→ EXERCISE REQUIREMENTS
Find and return every line of the data that contains the word "mathcal".

→ THE INPUT

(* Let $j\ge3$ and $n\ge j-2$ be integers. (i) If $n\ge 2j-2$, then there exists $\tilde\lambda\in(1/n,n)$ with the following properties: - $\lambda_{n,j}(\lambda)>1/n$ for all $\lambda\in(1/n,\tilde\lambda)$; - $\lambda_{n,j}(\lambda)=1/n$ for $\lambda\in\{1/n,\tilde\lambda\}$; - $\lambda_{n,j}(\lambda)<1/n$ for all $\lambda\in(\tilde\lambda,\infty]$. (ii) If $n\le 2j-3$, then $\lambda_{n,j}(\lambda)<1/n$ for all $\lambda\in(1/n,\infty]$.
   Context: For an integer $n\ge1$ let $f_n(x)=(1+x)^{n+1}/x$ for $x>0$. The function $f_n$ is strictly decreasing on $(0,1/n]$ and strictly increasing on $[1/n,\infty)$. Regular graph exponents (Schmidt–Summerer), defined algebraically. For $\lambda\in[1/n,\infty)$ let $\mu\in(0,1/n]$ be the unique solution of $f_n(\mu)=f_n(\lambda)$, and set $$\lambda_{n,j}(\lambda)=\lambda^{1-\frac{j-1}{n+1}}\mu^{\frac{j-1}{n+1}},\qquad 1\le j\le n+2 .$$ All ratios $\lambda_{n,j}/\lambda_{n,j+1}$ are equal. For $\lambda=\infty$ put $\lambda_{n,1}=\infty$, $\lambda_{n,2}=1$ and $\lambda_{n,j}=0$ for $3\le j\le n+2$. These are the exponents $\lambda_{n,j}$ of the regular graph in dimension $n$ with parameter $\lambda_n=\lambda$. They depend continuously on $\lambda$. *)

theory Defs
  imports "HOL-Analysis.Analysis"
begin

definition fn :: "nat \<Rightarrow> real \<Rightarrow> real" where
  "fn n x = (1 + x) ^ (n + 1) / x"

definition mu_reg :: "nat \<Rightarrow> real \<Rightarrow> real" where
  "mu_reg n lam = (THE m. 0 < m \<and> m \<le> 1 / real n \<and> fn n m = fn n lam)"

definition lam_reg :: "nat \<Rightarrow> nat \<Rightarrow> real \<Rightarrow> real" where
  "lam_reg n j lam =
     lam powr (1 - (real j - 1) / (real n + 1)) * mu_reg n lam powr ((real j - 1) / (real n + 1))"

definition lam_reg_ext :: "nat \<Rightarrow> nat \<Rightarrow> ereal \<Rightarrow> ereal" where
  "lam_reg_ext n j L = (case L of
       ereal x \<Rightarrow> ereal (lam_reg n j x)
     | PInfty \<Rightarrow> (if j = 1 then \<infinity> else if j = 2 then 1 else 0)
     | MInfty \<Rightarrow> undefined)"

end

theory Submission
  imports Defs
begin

* * *

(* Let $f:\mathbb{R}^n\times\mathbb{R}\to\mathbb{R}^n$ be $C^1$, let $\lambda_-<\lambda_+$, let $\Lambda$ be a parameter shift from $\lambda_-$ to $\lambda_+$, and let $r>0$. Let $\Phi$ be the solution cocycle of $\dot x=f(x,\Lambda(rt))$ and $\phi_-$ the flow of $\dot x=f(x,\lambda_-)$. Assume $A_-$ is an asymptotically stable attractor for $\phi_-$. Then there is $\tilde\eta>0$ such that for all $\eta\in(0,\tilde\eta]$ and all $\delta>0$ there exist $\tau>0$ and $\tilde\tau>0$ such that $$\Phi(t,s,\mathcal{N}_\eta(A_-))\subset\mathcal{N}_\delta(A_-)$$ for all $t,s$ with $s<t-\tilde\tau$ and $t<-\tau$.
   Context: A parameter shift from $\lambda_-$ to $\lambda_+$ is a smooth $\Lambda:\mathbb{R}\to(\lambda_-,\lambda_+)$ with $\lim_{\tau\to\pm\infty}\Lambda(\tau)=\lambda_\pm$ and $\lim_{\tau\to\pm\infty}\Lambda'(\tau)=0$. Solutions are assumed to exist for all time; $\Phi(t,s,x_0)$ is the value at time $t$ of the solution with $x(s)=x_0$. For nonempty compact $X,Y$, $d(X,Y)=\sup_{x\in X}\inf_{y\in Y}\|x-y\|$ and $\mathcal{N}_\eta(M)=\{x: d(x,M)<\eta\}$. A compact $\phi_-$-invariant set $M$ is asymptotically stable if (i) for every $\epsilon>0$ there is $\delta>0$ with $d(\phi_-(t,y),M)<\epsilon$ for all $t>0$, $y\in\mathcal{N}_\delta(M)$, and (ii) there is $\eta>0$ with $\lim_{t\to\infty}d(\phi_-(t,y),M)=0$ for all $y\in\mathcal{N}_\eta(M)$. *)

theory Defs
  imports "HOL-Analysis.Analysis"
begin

* * *

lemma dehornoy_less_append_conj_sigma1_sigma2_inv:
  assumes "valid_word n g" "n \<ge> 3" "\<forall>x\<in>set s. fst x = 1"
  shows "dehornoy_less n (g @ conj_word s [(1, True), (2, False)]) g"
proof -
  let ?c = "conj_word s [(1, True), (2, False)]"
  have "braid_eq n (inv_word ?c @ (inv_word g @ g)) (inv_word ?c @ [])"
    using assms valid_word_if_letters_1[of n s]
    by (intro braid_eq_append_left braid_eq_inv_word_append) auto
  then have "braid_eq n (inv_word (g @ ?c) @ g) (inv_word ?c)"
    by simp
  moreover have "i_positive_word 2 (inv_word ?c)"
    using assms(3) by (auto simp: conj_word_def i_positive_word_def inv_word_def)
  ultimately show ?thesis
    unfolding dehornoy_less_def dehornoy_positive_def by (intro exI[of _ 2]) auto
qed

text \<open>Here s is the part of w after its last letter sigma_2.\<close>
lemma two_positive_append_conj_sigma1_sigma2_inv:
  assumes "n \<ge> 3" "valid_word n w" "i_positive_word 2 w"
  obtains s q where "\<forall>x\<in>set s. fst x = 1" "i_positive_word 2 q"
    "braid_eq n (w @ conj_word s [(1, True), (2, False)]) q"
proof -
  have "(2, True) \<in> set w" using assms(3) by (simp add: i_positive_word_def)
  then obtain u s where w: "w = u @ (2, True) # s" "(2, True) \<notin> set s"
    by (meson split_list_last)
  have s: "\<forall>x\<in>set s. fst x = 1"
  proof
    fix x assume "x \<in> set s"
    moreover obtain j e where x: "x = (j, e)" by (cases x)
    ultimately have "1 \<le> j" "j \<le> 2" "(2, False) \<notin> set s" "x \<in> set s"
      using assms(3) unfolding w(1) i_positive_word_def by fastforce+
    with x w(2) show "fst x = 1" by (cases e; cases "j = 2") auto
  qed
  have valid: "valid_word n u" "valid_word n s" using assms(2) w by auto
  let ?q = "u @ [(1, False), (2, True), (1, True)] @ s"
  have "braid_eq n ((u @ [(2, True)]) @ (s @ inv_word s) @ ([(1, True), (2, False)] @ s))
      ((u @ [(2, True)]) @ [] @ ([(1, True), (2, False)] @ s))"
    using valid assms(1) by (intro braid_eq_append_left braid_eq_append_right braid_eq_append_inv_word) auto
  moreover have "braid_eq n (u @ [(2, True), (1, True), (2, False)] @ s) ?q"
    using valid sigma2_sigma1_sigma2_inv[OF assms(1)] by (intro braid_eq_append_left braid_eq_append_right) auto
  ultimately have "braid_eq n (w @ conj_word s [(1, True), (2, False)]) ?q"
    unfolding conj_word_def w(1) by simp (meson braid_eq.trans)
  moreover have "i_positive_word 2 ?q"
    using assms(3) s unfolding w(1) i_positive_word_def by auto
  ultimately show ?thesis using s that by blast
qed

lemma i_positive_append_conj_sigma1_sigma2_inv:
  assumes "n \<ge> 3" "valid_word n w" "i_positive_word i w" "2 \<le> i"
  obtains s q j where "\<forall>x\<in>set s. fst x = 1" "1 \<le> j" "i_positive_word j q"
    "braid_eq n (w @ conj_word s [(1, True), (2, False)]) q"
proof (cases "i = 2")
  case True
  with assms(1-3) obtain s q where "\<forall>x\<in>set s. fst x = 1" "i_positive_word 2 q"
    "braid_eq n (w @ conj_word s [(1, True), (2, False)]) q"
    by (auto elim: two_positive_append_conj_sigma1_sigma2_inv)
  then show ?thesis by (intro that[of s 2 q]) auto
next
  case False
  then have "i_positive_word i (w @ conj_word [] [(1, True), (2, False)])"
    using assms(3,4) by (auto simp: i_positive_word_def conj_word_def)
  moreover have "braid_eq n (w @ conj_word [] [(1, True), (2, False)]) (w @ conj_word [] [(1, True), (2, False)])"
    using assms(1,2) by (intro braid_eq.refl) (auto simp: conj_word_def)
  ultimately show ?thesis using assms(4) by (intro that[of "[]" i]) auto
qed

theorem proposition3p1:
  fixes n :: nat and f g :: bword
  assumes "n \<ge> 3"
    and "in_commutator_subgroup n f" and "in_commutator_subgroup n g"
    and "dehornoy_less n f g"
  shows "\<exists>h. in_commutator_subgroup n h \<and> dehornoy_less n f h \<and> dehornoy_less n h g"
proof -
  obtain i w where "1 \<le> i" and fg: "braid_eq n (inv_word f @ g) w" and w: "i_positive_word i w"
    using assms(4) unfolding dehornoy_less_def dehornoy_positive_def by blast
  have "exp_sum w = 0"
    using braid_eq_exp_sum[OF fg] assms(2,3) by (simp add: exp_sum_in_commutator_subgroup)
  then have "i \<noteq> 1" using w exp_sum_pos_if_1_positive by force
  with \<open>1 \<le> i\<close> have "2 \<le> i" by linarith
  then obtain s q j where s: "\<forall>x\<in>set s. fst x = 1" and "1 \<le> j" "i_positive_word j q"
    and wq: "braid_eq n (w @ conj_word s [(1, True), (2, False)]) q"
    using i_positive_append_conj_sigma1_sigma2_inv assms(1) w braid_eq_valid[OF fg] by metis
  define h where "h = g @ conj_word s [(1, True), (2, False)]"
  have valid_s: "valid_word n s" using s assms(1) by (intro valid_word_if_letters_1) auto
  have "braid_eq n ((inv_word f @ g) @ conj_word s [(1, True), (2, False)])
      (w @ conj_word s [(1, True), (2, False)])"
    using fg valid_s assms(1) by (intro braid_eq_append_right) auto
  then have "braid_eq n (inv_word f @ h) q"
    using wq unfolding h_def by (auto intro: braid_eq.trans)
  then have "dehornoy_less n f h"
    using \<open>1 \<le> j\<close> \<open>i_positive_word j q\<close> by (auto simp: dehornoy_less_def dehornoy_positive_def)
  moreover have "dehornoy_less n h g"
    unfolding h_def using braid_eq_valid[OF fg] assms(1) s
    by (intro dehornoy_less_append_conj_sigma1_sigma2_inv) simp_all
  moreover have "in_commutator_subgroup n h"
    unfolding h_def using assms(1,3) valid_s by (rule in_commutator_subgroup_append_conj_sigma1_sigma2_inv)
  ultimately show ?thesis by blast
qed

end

→ EXERCISE SOLUTION
(* Let $f:\mathbb{R}^n\times\mathbb{R}\to\mathbb{R}^n$ be $C^1$, let $\lambda_-<\lambda_+$, let $\Lambda$ be a parameter shift from $\lambda_-$ to $\lambda_+$, and let $r>0$. Let $\Phi$ be the solution cocycle of $\dot x=f(x,\Lambda(rt))$ and $\phi_-$ the flow of $\dot x=f(x,\lambda_-)$. Assume $A_-$ is an asymptotically stable attractor for $\phi_-$. Then there is $\tilde\eta>0$ such that for all $\eta\in(0,\tilde\eta]$ and all $\delta>0$ there exist $\tau>0$ and $\tilde\tau>0$ such that $$\Phi(t,s,\mathcal{N}_\eta(A_-))\subset\mathcal{N}_\delta(A_-)$$ for all $t,s$ with $s<t-\tilde\tau$ and $t<-\tau$.
   Context: A parameter shift from $\lambda_-$ to $\lambda_+$ is a smooth $\Lambda:\mathbb{R}\to(\lambda_-,\lambda_+)$ with $\lim_{\tau\to\pm\infty}\Lambda(\tau)=\lambda_\pm$ and $\lim_{\tau\to\pm\infty}\Lambda'(\tau)=0$. Solutions are assumed to exist for all time; $\Phi(t,s,x_0)$ is the value at time $t$ of the solution with $x(s)=x_0$. For nonempty compact $X,Y$, $d(X,Y)=\sup_{x\in X}\inf_{y\in Y}\|x-y\|$ and $\mathcal{N}_\eta(M)=\{x: d(x,M)<\eta\}$. A compact $\phi_-$-invariant set $M$ is asymptotically stable if (i) for every $\epsilon>0$ there is $\delta>0$ with $d(\phi_-(t,y),M)<\epsilon$ for all $t>0$, $y\in\mathcal{N}_\delta(M)$, and (ii) there is $\eta>0$ with $\lim_{t\to\infty}d(\phi_-(t,y),M)=0$ for all $y\in\mathcal{N}_\eta(M)$. *)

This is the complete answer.